Goal of the exercise
Find "fixes p q :: complex" and "using sum prod" in the records below. Copy the lines holding them and every line between, exactly, and no others.

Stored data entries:
(* Let $G$ be a connected $d$-regular simple graph with $d\ge 3$ which is not $K_4$, $K_5$, or $K_{3,3}$. Then \[ \mathscr{K}_e(G)>\mathscr{K}_{nb}(G). \]
   Context: Kemeny's constant of an irreducible finite Markov chain with transition matrix $P$ whose eigenvalues (with multiplicity) are $1=\rho_1,\rho_2,\dots,\rho_N$ (with $1$ simple) is $\mathscr{K}(P)=\sum_{i=2}^{N}\frac{1}{1-\rho_i}$. Arcs of $G$: for each edge $\{u,v\}$ the two ordered pairs $(u,v),(v,u)$. $\mathscr{K}_e(G)$ is Kemeny's constant of the chain on arcs where from $(u,v)$ one moves to $(v,w)$ with probability $1/\deg(v)$ for each neighbor $w$ of $v$. $\mathscr{K}_{nb}(G)$ is Kemeny's constant of the non-backtracking chain on arcs where from $(u,v)$ one moves to $(v,w)$ with probability $1/(\deg(v)-1)$ for each neighbor $w\neq u$ of $v$. *)

theory Defs
  imports Jordan_Normal_Form.Char_Poly "HOL-Computational_Algebra.Polynomial" "HOL-Library.Product_Lexorder"
begin

text \<open>Kemeny's constant of a (complex) transition matrix P: the eigenvalues of P with
  multiplicity are the roots (with multiplicity) of its characteristic polynomial; one
  copy of the eigenvalue 1 is removed and the sum of 1/(1 - rho) over the rest is taken.\<close>
definition kemeny :: "complex mat \<Rightarrow> complex" where
  "kemeny P = sum_mset (image_mset (\<lambda>\<rho>. 1 / (1 - \<rho>)) (proots (char_poly P) - {#1#}))"

definition simple_graph :: "'a set \<Rightarrow> ('a \<Rightarrow> 'a \<Rightarrow> bool) \<Rightarrow> bool" where
  "simple_graph V E \<longleftrightarrow> finite V \<and> (\<forall>u v. E u v \<longrightarrow> u \<in> V \<and> v \<in> V)
     \<and> (\<forall>u v. E u v \<longrightarrow> E v u) \<and> (\<forall>u. \<not> E u u)"

definition deg :: "'a set \<Rightarrow> ('a \<Rightarrow> 'a \<Rightarrow> bool) \<Rightarrow> 'a \<Rightarrow> nat" where
  "deg V E v = card {w \<in> V. E v w}"

definition regular :: "'a set \<Rightarrow> ('a \<Rightarrow> 'a \<Rightarrow> bool) \<Rightarrow> nat \<Rightarrow> bool" where
  "regular V E d \<longleftrightarrow> (\<forall>v\<in>V. deg V E v = d)"

definition connected_graph :: "'a set \<Rightarrow> ('a \<Rightarrow> 'a \<Rightarrow> bool) \<Rightarrow> bool" where
  "connected_graph V E \<longleftrightarrow> V \<noteq> {} \<and> (\<forall>u\<in>V. \<forall>v\<in>V. E\<^sup>*\<^sup>* u v)"

definition graph_iso :: "'a set \<Rightarrow> ('a \<Rightarrow> 'a \<Rightarrow> bool) \<Rightarrow> 'b set \<Rightarrow> ('b \<Rightarrow> 'b \<Rightarrow> bool) \<Rightarrow> bool" where
  "graph_iso V E W F \<longleftrightarrow> (\<exists>f. bij_betw f V W \<and> (\<forall>u\<in>V. \<forall>v\<in>V. E u v \<longleftrightarrow> F (f u) (f v)))"

definition complete_V :: "nat \<Rightarrow> nat set" where "complete_V n = {0..<n}"
definition complete_E :: "nat \<Rightarrow> nat \<Rightarrow> nat \<Rightarrow> bool" where
  "complete_E n u v \<longleftrightarrow> u < n \<and> v < n \<and> u \<noteq> v"
definition K33_V :: "nat set" where "K33_V = {0..<6}"
definition K33_E :: "nat \<Rightarrow> nat \<Rightarrow> bool" where
  "K33_E u v \<longleftrightarrow> u < 6 \<and> v < 6 \<and> ((u < 3) \<noteq> (v < 3))"

definition arcs :: "'a set \<Rightarrow> ('a \<Rightarrow> 'a \<Rightarrow> bool) \<Rightarrow> ('a \<times> 'a) set" where
  "arcs V E = {(u, v). u \<in> V \<and> v \<in> V \<and> E u v}"

definition arc_list :: "'a::linorder set \<Rightarrow> ('a \<Rightarrow> 'a \<Rightarrow> bool) \<Rightarrow> ('a \<times> 'a) list" where
  "arc_list V E = sorted_list_of_set (arcs V E)"

definition arc_matrix :: "'a::linorder set \<Rightarrow> ('a \<Rightarrow> 'a \<Rightarrow> bool)
    \<Rightarrow> ('a \<times> 'a \<Rightarrow> 'a \<times> 'a \<Rightarrow> real) \<Rightarrow> complex mat" where
  "arc_matrix V E p = (let as = arc_list V E; m = length as in
     mat m m (\<lambda>(i, j). complex_of_real (p (as ! i) (as ! j))))"

definition edge_trans :: "'a set \<Rightarrow> ('a \<Rightarrow> 'a \<Rightarrow> bool) \<Rightarrow> 'a \<times> 'a \<Rightarrow> 'a \<times> 'a \<Rightarrow> real" where
  "edge_trans V E a b = (if fst b = snd a \<and> E (fst b) (snd b)
      then 1 / real (deg V E (snd a)) else 0)"

definition nb_trans :: "'a set \<Rightarrow> ('a \<Rightarrow> 'a \<Rightarrow> bool) \<Rightarrow> 'a \<times> 'a \<Rightarrow> 'a \<times> 'a \<Rightarrow> real" where
  "nb_trans V E a b = (if fst b = snd a \<and> E (fst b) (snd b) \<and> snd b \<noteq> fst a
      then 1 / (real (deg V E (snd a)) - 1) else 0)"

definition K_e :: "'a::linorder set \<Rightarrow> ('a \<Rightarrow> 'a \<Rightarrow> bool) \<Rightarrow> complex" where
  "K_e V E = kemeny (arc_matrix V E (edge_trans V E))"

definition K_nb :: "'a::linorder set \<Rightarrow> ('a \<Rightarrow> 'a \<Rightarrow> bool) \<Rightarrow> complex" where
  "K_nb V E = kemeny (arc_matrix V E (nb_trans V E))"

end

(* Write A for the adjacency matrix, S and T for the tail and head incidence matrices of the
   arcs and J for arc reversal. The two walks have transition matrices T S^T / d and
   (T S^T - J) / (d - 1); Sylvester's identity det (1 - X Y) = det (1 - Y X) and, for the second
   walk, the Ihara-Bass identity express both characteristic polynomials through that of A.
   The spectrum of A is real, lies in [-d, d] and contains d exactly once, so it is
   d, x_1, ..., x_(n-1) with all x_i < d, and one obtains
     K_e - K_nb = 2 * sum_i 1 / (d - x_i) - n / d - 1 / (d - 2).
   As sum_i x_i = -d, convexity of 1 / (d - x) bounds the sum below by (n - 1)^2 / (n d), which
   is enough unless n = d + 1 with d = 3, 4 (K_4, K_5) or d = 3, n = 6. In the last case a
   triangle-free graph is K_{3,3}; otherwise sum_i x_i^3 = tr A^3 - 27 >= -26, and with
   sum_i x_i^2 = 9 a cubic minorant of 1 / (3 - x) gives the bound. *)

theory Submission
  imports Defs "Jordan_Normal_Form.Schur_Decomposition"
begin

lemma poly_eqI_cofinite:
  fixes p q :: "'a::{idom,ring_char_0} poly"
  assumes "finite F" and "\<And>x. x \<notin> F \<Longrightarrow> poly p x = poly q x"
  shows "p = q"
proof (rule ccontr)
  assume "p \<noteq> q"
  then have "finite {x. poly (p - q) x = 0}" by (intro poly_roots_finite) simp
  moreover have "- F \<subseteq> {x. poly (p - q) x = 0}" using assms(2) by auto
  ultimately have "finite (F \<union> - F)" using assms(1) finite_subset by blast
  then show False using infinite_UNIV_char_0[where 'a = 'a] by simp
qed

lemma proots_linear_factors: "proots (\<Prod>a\<leftarrow>es. [:- a, 1:]) = mset es"
  for es :: "'a::idom list"
proof (induction es)
  case (Cons a es)
  have "proots ([:- a, 1:] * (\<Prod>a\<leftarrow>es. [:- a, 1:])) = proots [:- a, 1:] + proots (\<Prod>a\<leftarrow>es. [:- a, 1:])"
    by (rule proots_mult) (auto simp: prod_list_zero_iff)
  then show ?case using Cons by simp
qed simp

lemma sum_proots_quadratic_inverse_one_minus:
  fixes p q :: complex
  assumes "1 + q + p \<noteq> 0"
  shows "(\<Sum>\<rho>\<in>#proots [:p, q, 1:]. 1 / (1 - \<rho>)) = (2 + q) / (1 + q + p)"
proof -
  define s where "s = csqrt (q\<^sup>2 - 4 * p)"
  define r1 where "r1 = (- q + s) / 2"
  define r2 where "r2 = (- q - s) / 2"
  have ss: "s * s = q\<^sup>2 - 4 * p" unfolding s_def by (metis power2_csqrt power2_eq_square)
  have sum: "r1 + r2 = - q" unfolding r1_def r2_def by (simp add: field_simps)
  have prod: "r1 * r2
      = p" unfolding r1_def r2_def using ss by (simp add: field_simps power2_eq_square)
  have "q = - (r1 + r2)" using sum by simp
  then have factors: "[:p, q, 1:] = [:- r1, 1:] * [:- r2, 1:]"
    by (simp add: prod[symmetric] algebra_simps)
  have roots: "proots [:p, q, 1:] = {#r1, r2#}"
    unfolding factors by (subst proots_mult) auto
  have denom: "(1 - r1) * (1 - r2) = 1 + q + p"
    using sum prod by (simp add: algebra_simps)
  with assms have "1 - r1 \<noteq> 0" "1 - r2 \<noteq> 0" by auto
  then have "1 / (1 - r1) + 1 / (1 - r2) = (2 - (r1 + r2)) / ((1 - r1) * (1 - r2))"
    by (simp add: field_simps)
  then show ?thesis by (simp add: roots sum denom)
qed
section \<open>Removing the atomic jumps\<close>

lemma null_neighbourhood_of_b:
  assumes chart: "jump_chart \<eta> x \<sigma> a b \<delta>" and supp: "measure_support M \<subseteq> closure (\<eta> ` circleT)"
    and period: "k \<ge> 1" "a ^ 2 ^ k = a"
  obtains \<rho> where "\<rho> > 0" "circleT \<inter> ball b \<rho> \<in> null_sets M"
proof -
  interpret jump_chart \<eta> x \<sigma> a b \<delta>
    by (rule chart)
  define N where "N = circleT - measure_support M"
  define P where "P = (\<lambda>w. w ^ 2 ^ k) -` N \<inter> circleT"
  have N: "N \<in> null_sets M"
    using complement_support_null by (simp add: N_def)
  then have P: "P \<in> null_sets M"
    using emeasure_power2_preimage power_preimage_in_sets by (simp add: P_def null_sets_def)
  have "b ^ 2 ^ k = a"
    using period by (simp add: b_eq power_minus_even)
  then have b: "{b} \<in> null_sets M"
    using singleton_null_if_power2_collides[OF a_in_circleT b_in_circleT a_ne_b period(2)] by simp
  obtain \<rho> where \<rho>: "\<rho> > 0" "\<And>w. w \<in> circleT \<Longrightarrow> dist w b < \<rho> \<Longrightarrow>
    w = b \<or> w \<notin> closure (\<eta> ` circleT) \<or> w ^ 2 ^ k \<notin> closure (\<eta> ` circleT)"
    using near_b_cases[OF period] by blast
  have "circleT \<inter> ball b \<rho> \<subseteq> N \<union> {b} \<union> P"
    using \<rho>(2) supp power_in_circleT by (fastforce simp: N_def P_def dist_commute)
  moreover have "N \<union> {b} \<union> P \<in> null_sets M"
    using N P b by (intro null_sets.Un)
  moreover have "circleT \<inter> ball b \<rho> \<in> sets M"
    by (intro openin_in_sets openin_open_Int) auto
  ultimately show ?thesis
    using that[OF \<rho>(1)] null_sets_subset by blast
qed

lemma free_b_side:
  assumes chart: "jump_chart \<eta> x \<sigma> a b \<delta>" and supp: "measure_support M \<subseteq> closure (\<eta> ` circleT)"
    and period: "k \<ge> 1" "a ^ 2 ^ k = a"
  obtains \<epsilon> where "\<epsilon> > 0" "\<forall>u\<in>{0..\<epsilon>}. b * cis (pi * (\<sigma> * u)) \<notin> measure_support M"
proof -
  obtain \<rho> where \<rho>: "\<rho> > 0" "circleT \<inter> ball b \<rho> \<in> null_sets M"
    using null_neighbourhood_of_b[OF assms] .
  moreover have "openin (top_of_set circleT) (circleT \<inter> ball b \<rho>)"
    by (intro openin_open_Int) auto
  ultimately have free: "circleT \<inter> ball b \<rho> \<inter> measure_support M = {}"
    unfolding measure_support_def null_sets_def by auto
  have "isCont (\<lambda>u. b * cis (pi * (\<sigma> * u))) 0"
    unfolding cis_conv_exp by (intro continuous_intros)
  then obtain e where e: "e > 0" "\<And>u. \<bar>u\<bar> < e \<Longrightarrow> dist (b * cis (pi * (\<sigma> * u))) b < \<rho>"
    using \<rho>(1) unfolding continuous_at_eps_delta by (auto simp: dist_real_def)
  show ?thesis
  proof (rule that[of "e / 2"])
    show "\<forall>u\<in>{0..e / 2}. b * cis (pi * (\<sigma> * u)) \<notin> measure_support M"
    proof
      fix u :: real assume "u \<in> {0..e / 2}"
      then have "dist (b * cis (pi * (\<sigma> * u))) b < \<rho>"
        using e by simp
      moreover have "b * cis (pi * (\<sigma> * u)) \<in> circleT"
        using jump_chart.b_in_circleT[OF chart] by (simp add: circleT_iff_norm norm_mult)
      ultimately show "b * cis (pi * (\<sigma> * u)) \<notin> measure_support M"
        using free by (auto simp: dist_commute)
    qed
  qed (use e in simp)
qed
lemma sum_weighted_prodvec_snoc:
  assumes "length \<alpha> = length \<beta>" and "length \<beta> = length \<gamma>"
  shows "(\<Sum>i<8. L i * prodvec (omegas (\<alpha> @ [p0]) (\<beta> @ [p1]) (\<gamma> @ [p2])) i) =
    (if even (wt3 (p0, p1, p2)) then 1 / 2 ^ wt3 (p0, p1, p2) else 0) *
    (\<Sum>(q0, q1, q2)\<in>below3 (p0, p1, p2). \<Sum>i<8.
       L (Bit_Operations.xor i (index3 (q0, q1, q2))) * prodvec (omegas (bcomp q0 \<alpha>) (bcomp q1 \<beta>) (bcomp q2 \<gamma>)) i)"
proof -
  let ?c = "if even (wt3 (p0, p1, p2)) then 1 / 2 ^ wt3 (p0, p1, p2) else (0::real)"
  define P where "P q = prodvec (map (\<lambda>w. Bit_Operations.xor w (index3 q)) (omegas \<alpha> \<beta> \<gamma>))" for q
  have "(\<Sum>i<8. L i * prodvec (omegas (\<alpha> @ [p0]) (\<beta> @ [p1]) (\<gamma> @ [p2])) i) =
      (\<Sum>i<8. L i * (?c * (\<Sum>q\<in>below3 (p0, p1, p2). P q (Bit_Operations.xor i (index3 q)))))"
    using assms by (simp add: omegas_snoc prodvec_snoc_index3 P_def)
  also have "\<dots> = ?c * (\<Sum>q\<in>below3 (p0, p1, p2). \<Sum>i<8. L i * P q (Bit_Operations.xor i (index3 q)))"
    by (subst sum.swap) (simp add: sum_distrib_left ac_simps)
  also have "\<dots> = ?c * (\<Sum>q\<in>below3 (p0, p1, p2). \<Sum>i<8. L (Bit_Operations.xor i (index3 q)) * P q i)"
  proof -
    have "(\<Sum>i<8. L i * P q (Bit_Operations.xor i (index3 q))) =
        (\<Sum>i<8. L (Bit_Operations.xor i (index3 q)) * P q i)" for q
      using sum_lessThan_8_xor[OF index3_less_8, of "\<lambda>i. L (Bit_Operations.xor i (index3 q)) * P q i" q]
      by simp
    then show ?thesis
      by simp
  qed
  finally show ?thesis
    by (simp add: P_def omegas_bcomp split_def)
qed

lemma cadp_snoc:
  assumes "length \<alpha> = length \<beta>" and "length \<beta> = length \<gamma>"
  shows "cadp c (\<alpha> @ [p0]) (\<beta> @ [p1]) (\<gamma> @ [p2]) =
    (if even (wt3 (p0, p1, p2)) then 1 / 2 ^ wt3 (p0, p1, p2) else 0) *
    (\<Sum>(q0, q1, q2)\<in>below3 (p0, p1, p2). cadp (c \<noteq> q2) (bcomp q0 \<alpha>) (bcomp q1 \<beta>) (bcomp q2 \<gamma>))"
  unfolding cadp_def sum_weighted_prodvec_snoc[OF assms]
  by (auto intro!: sum.cong simp: Lc_xor_index3 split: prod.split)

lemma padp_snoc:
  assumes "length \<alpha> = length \<beta>" and "length \<beta> = length \<gamma>"
  shows "padp a b (\<alpha> @ [p0]) (\<beta> @ [p1]) (\<gamma> @ [p2]) =
    (if even (wt3 (p0, p1, p2)) then 1 / 2 ^ wt3 (p0, p1, p2) else 0) *
    (\<Sum>(q0, q1, q2)\<in>below3 (p0, p1, p2). padp (a \<noteq> q0) (b \<noteq> q1) (bcomp q0 \<alpha>) (bcomp q1 \<beta>) (bcomp q2 \<gamma>))"
  unfolding padp_def sum_weighted_prodvec_snoc[OF assms]
  by (auto intro!: sum.cong simp: Lab_xor_index3 split: prod.split)

theorem theorem3:
  fixes \<alpha> \<beta> \<gamma> :: "bool list" and n :: nat and p0 p1 p2 a b c :: bool
  assumes "length \<alpha> = n" and "length \<beta> = n" and "length \<gamma> = n"
  shows "(even (wt3 (p0, p1, p2)) \<longrightarrow>
            cadp c (\<alpha> @ [p0]) (\<beta> @ [p1]) (\<gamma> @ [p2]) =
              1 / 2 ^ wt3 (p0, p1, p2) *
              (\<Sum>(q0, q1, q2)\<in>below3 (p0, p1, p2).
                  cadp (c \<noteq> q2) (bcomp q0 \<alpha>) (bcomp q1 \<beta>) (bcomp q2 \<gamma>))
          \<and> padp a b (\<alpha> @ [p0]) (\<beta> @ [p1]) (\<gamma> @ [p2]) =
              1 / 2 ^ wt3 (p0, p1, p2) *
              (\<Sum>(q0, q1, q2)\<in>below3 (p0, p1, p2).
                  padp (a \<noteq> q0) (b \<noteq> q1) (bcomp q0 \<alpha>) (bcomp q1 \<beta>) (bcomp q2 \<gamma>)))
        \<and> (odd (wt3 (p0, p1, p2)) \<longrightarrow>
            cadp c (\<alpha> @ [p0]) (\<beta> @ [p1]) (\<gamma> @ [p2]) = 0
          \<and> padp a b (\<alpha> @ [p0]) (\<beta> @ [p1]) (\<gamma> @ [p2]) = 0)"
proof -
  have lengths: "length \<alpha> = length \<beta>" "length \<beta> = length \<gamma>"
    using assms by simp_all
  show ?thesis
    using cadp_snoc[OF lengths, of c] padp_snoc[OF lengths, of a b] by simp
qed

end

Written response
  fixes p q :: complex
  assumes "1 + q + p \<noteq> 0"
  shows "(\<Sum>\<rho>\<in>#proots [:p, q, 1:]. 1 / (1 - \<rho>)) = (2 + q) / (1 + q + p)"
proof -
  define s where "s = csqrt (q\<^sup>2 - 4 * p)"
  define r1 where "r1 = (- q + s) / 2"
  define r2 where "r2 = (- q - s) / 2"
  have ss: "s * s = q\<^sup>2 - 4 * p" unfolding s_def by (metis power2_csqrt power2_eq_square)
  have sum: "r1 + r2 = - q" unfolding r1_def r2_def by (simp add: field_simps)
  have prod: "r1 * r2
      = p" unfolding r1_def r2_def using ss by (simp add: field_simps power2_eq_square)
  have "q = - (r1 + r2)" using sum by simp
  then have factors: "[:p, q, 1:] = [:- r1, 1:] * [:- r2, 1:]"
    by (simp add: prod[symmetric] algebra_simps)
  have roots: "proots [:p, q, 1:] = {#r1, r2#}"
    unfolding factors by (subst proots_mult) auto
  have denom: "(1 - r1) * (1 - r2) = 1 + q + p"
    using sum prod by (simp add: algebra_simps)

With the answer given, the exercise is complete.